If you have not already, make a plot of `waist` against `abdomen` to help explain what we have been seeing:

#### d)  Final model evaluation on testing set.

Let's choose the waist model as our final model.  Fit the model to the testing data and look at the summary.  Discuss with your group.

In [None]:
final_model = 

final_model.summary()

#### e) Confidence and prediction intervals

Make a graph which includes:

1. A scatterplot of the data
2. The confidence interval for the predicted mean response.
3. The prediction interval for the response.

Note:  You will want to use the [`.get_predictions`](https://www.statsmodels.org/dev/generated/statsmodels.regression.linear_model.OLSResults.get_prediction.html) method of an ols model which returns prediction results.

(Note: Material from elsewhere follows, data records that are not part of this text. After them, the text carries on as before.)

(* For every $n$ and every $k\in[1,\lfloor\frac{n-1}{2}\rfloor]$ there exist Latin squares of order $n$ with inner distance $k$. Moreover, for any Latin square $L$ of order $n$ with inner distance $k$, $L$ is isotopic to Latin squares of every inner distance less than $k$, and these can be obtained from $L$ by symbol permutation alone.
   Context: A Latin square of order $n$ is an $n\times n$ matrix with entries from the symbol set $[1,n]=\{1,\dots,n\}$ in which every row and every column contains each symbol exactly once. The distance between symbols $a,b\in[1,n]$ is $\mathrm{dist}(a,b)=\min\{(a-b)\bmod n,\ (b-a)\bmod n\}$, with remainders taken in $[0,n-1]$. Two cells are adjacent if they share an edge horizontally or vertically. The inner distance of a Latin square is the minimum of $\mathrm{dist}$ over all pairs of symbols in adjacent cells. The maximum inner distance of a Latin square of order $n$ is $\lfloor\frac{n-1}{2}\rfloor$. A symbol permutation of a Latin square $L$ by a bijection $\sigma$ of $[1,n]$ is the Latin square whose $(i,j)$ entry is $\sigma(m_{i,j})$, where $m_{i,j}$ is the $(i,j)$ entry of $L$. Two Latin squares are isotopic if they differ by some combination of symbol permutation, row permutations, and column permutations. (Proof idea: repeatedly apply transpositions of symbols $(n,1)$ after a cyclic shift of symbols, each of which lowers the inner distance by exactly 1.) *)

theory Defs
  imports Main
begin
(* Let $R$, $G$, $*$, $\sigma$ and $\mathcal{S}$ be as in the context. If $\mathcal{S}$ is anticommutative, then $c_x=x^*x^{-1}$ lies in the center $\mathcal{Z}(G)$ of $G$ for every $x\in G$.
   Context: Throughout, $R$ is a commutative ring with unity with $\operatorname{char}(R)\neq 2$, and $\mathcal{U}(R)$ is its unit group. $G$ is a group with an involution $*$, i.e. a map $x\mapsto x^*$ with $(xy)^*=y^*x^*$ and $(x^* )^*=x$. The map $\sigma:G\to\mathcal{U}(R)$ is a nontrivial group homomorphism with kernel $N=\ker\sigma$, and it is compatible with $*$: $xx^*\in N$ for all $x\in G$. The group ring $RG$ carries the involution $\left(\sum_{x\in G}\alpha_x x\right)^{\sigma*}=\sum_{x\in G}\sigma(x)\alpha_x x^*$. Write $G_*=\{x\in G: x^*=x\}$ and $N_*=G_*\cap N$. Let $\mathcal{S}$ be the $R$-submodule of $RG$ spanned by the union of the following three sets: - $2\mathcal{S}_1=\{2x: x\in N_*\}$; - $\mathcal{S}_2=\{\alpha x: x\in G_*\setminus N,\ \alpha\in R,\ \alpha(1-\sigma(x))=0\}$; - $\mathcal{S}_3=\{x+\sigma(x)x^*: x\in G\setminus G_*\}$. $\mathcal{S}$ is called anticommutative if $ab+ba=0$ for all $a,b\in\mathcal{S}$. *)

theory Defs
  imports "HOL-Algebra.Group"
begin

text \<open>The group ring RG, modelled as finitely supported functions from the carrier
of G to R (zero outside the carrier).\<close>

definition gr_supp :: "('g, 'b) monoid_scheme \<Rightarrow> ('g \<Rightarrow> 'r::comm_ring_1) \<Rightarrow> 'g set" where
  "gr_supp G a = {h \<in> carrier G. a h \<noteq> 0}"

definition gr_mult :: "('g, 'b) monoid_scheme \<Rightarrow> ('g \<Rightarrow> 'r::comm_ring_1) \<Rightarrow> ('g \<Rightarrow> 'r) \<Rightarrow> 'g \<Rightarrow> 'r" where
  "gr_mult G a b = (\<lambda>g. if g \<in> carrier G
      then (\<Sum>h\<in>gr_supp G a. a h * b (inv\<^bsub>G\<^esub> h \<otimes>\<^bsub>G\<^esub> g)) else 0)"

definition gr_elem :: "'r::comm_ring_1 \<Rightarrow> 'g \<Rightarrow> 'g \<Rightarrow> 'r" where
  "gr_elem \<alpha> x = (\<lambda>g. if g = x then \<alpha> else 0)"

text \<open>The generating set S1' \<union> S2 \<union> S3 (with S1' = 2 S1).\<close>
definition S_gens :: "('g, 'b) monoid_scheme \<Rightarrow> ('g \<Rightarrow> 'g) \<Rightarrow> ('g \<Rightarrow> 'r::comm_ring_1) \<Rightarrow> ('g \<Rightarrow> 'r) set" where
  "S_gens G star \<sigma> =
     {gr_elem 2 x | x. x \<in> carrier G \<and> star x = x \<and> \<sigma> x = 1}
   \<union> {gr_elem \<alpha> x | x \<alpha>. x \<in> carrier G \<and> star x = x \<and> \<sigma> x \<noteq> 1 \<and> \<alpha> * (1 - \<sigma> x) = 0}
   \<union> {(\<lambda>g. gr_elem 1 x g + gr_elem (\<sigma> x) (star x) g) | x. x \<in> carrier G \<and> star x \<noteq> x}"

inductive_set gr_span :: "('g \<Rightarrow> 'r::comm_ring_1) set \<Rightarrow> ('g \<Rightarrow> 'r) set" for A where
  zero: "(\<lambda>g. 0) \<in> gr_span A"
| gen: "a \<in> A \<Longrightarrow> a \<in> gr_span A"
| add: "a \<in> gr_span A \<Longrightarrow> b \<in> gr_span A \<Longrightarrow> (\<lambda>g. a g + b g) \<in> gr_span A"
| smult: "a \<in> gr_span A \<Longrightarrow> (\<lambda>g. r * a g) \<in> gr_span A"

definition S_set :: "('g, 'b) monoid_scheme \<Rightarrow> ('g \<Rightarrow> 'g) \<Rightarrow> ('g \<Rightarrow> 'r::comm_ring_1) \<Rightarrow> ('g \<Rightarrow> 'r) set" where
  "S_set G star \<sigma> = gr_span (S_gens G star \<sigma>)"

definition anticommutative :: "('g, 'b) monoid_scheme \<Rightarrow> ('g \<Rightarrow> 'r::comm_ring_1) set \<Rightarrow> bool" where
  "anticommutative G S \<longleftrightarrow>
     (\<forall>a\<in>S. \<forall>b\<in>S. (\<lambda>g. gr_mult G a b g + gr_mult G b a g) = (\<lambda>g. 0))"

definition group_center :: "('g, 'b) monoid_scheme \<Rightarrow> 'g set" where
  "group_center G = {z \<in> carrier G. \<forall>y\<in>carrier G. z \<otimes>\<^bsub>G\<^esub> y = y \<otimes>\<^bsub>G\<^esub> z}"

end

theory Submission
  imports Defs
begin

These prediction results then have a [`.summary_frame`](https://www.statsmodels.org/dev/generated/statsmodels.regression.linear_model.PredictionResults.summary_frame.html) method (the documentation is non-existent and you will need to look at the source to see what this does) which contain the confidence and prediction interval bounds you want.

Find the confidence and prediction interval for Body Fat Percentage at a waist size of 45 inches.  Explain these in a way that a layman could understand what they mean.